- _AIM OF THE EXERCISE_
For the string "rule", find every matching line in the records and copy it.

- _TASK DATA_

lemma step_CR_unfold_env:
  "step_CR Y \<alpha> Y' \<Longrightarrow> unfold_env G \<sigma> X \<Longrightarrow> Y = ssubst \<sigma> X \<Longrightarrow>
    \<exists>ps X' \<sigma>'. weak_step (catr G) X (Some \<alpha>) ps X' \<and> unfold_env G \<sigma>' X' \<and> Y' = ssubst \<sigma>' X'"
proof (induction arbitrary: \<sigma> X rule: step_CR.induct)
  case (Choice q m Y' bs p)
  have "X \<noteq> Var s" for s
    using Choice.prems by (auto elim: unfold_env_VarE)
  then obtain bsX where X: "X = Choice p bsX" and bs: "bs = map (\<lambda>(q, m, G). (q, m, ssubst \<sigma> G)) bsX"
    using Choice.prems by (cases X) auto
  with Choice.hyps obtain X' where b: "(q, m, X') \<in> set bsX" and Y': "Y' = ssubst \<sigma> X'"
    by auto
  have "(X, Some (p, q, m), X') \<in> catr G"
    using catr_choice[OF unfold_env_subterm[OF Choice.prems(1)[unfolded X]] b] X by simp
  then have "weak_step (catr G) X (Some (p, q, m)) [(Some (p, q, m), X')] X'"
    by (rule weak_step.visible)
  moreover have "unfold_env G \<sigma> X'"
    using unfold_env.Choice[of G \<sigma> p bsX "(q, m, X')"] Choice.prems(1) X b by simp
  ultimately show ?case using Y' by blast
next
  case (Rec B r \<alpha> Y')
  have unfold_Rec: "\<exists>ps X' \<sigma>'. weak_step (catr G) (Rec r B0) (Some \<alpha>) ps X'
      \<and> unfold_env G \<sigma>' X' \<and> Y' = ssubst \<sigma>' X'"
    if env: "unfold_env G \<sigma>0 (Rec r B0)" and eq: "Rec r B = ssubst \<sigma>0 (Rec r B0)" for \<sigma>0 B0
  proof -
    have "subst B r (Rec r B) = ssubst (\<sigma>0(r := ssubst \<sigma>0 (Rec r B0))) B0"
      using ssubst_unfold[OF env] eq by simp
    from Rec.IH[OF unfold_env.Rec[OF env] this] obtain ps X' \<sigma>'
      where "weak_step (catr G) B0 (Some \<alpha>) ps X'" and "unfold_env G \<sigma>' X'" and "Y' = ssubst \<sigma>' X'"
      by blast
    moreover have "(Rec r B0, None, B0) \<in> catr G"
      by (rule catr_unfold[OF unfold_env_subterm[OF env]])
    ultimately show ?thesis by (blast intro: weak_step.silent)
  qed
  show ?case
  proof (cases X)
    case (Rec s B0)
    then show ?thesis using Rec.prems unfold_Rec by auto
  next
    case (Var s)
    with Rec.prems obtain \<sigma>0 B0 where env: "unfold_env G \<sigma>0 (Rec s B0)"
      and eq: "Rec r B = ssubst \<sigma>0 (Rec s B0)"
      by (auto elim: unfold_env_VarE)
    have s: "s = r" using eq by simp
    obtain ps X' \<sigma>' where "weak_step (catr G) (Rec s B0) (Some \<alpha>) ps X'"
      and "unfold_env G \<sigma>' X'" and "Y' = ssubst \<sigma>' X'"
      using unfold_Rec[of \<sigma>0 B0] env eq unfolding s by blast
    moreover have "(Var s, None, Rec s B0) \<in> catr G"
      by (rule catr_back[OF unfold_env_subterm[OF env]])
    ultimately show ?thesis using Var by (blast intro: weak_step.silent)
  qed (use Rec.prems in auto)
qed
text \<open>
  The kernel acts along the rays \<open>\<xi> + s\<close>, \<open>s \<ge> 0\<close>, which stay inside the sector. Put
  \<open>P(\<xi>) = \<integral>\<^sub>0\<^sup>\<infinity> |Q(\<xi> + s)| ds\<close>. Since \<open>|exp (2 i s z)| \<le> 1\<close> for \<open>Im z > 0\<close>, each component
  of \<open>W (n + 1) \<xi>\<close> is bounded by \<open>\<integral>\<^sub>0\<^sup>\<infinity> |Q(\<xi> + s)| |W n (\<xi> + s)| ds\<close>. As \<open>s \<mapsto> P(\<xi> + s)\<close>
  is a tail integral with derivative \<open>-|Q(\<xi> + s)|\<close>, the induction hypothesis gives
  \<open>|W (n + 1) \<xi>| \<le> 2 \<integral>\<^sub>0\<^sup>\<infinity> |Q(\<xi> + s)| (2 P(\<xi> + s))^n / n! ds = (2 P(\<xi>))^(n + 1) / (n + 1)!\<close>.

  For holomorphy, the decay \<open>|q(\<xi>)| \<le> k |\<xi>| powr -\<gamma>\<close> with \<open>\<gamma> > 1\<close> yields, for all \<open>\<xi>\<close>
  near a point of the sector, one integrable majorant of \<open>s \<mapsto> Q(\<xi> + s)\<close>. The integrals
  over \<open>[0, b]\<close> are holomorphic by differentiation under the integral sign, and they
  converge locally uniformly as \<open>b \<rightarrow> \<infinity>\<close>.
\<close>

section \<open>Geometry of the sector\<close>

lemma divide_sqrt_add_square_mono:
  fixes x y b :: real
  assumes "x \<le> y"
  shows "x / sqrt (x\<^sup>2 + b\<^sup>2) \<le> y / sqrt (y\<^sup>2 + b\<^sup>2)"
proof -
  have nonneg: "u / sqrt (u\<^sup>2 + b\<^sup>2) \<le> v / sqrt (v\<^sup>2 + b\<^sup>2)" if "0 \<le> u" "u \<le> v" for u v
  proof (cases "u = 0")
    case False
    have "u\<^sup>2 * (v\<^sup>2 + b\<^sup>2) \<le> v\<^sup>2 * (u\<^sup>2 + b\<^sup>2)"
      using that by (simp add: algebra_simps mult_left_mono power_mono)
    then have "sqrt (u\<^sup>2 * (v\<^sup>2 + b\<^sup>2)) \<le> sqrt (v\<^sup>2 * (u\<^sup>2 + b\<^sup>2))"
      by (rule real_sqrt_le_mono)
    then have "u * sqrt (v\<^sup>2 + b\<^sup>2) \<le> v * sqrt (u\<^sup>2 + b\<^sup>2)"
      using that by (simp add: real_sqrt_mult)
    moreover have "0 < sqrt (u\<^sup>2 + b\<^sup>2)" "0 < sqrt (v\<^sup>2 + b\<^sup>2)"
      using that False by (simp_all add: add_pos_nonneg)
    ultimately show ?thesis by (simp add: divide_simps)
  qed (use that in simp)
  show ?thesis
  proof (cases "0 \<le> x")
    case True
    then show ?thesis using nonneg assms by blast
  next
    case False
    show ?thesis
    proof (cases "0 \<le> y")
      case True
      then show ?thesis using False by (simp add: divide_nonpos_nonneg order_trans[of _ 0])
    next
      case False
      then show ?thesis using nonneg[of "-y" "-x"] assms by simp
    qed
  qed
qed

- _THE ANSWER_
proof (induction arbitrary: \<sigma> X rule: step_CR.induct)
    by (rule weak_step.visible)
      by (rule catr_unfold[OF unfold_env_subterm[OF env]])
      by (rule catr_back[OF unfold_env_subterm[OF env]])
      by (rule real_sqrt_le_mono)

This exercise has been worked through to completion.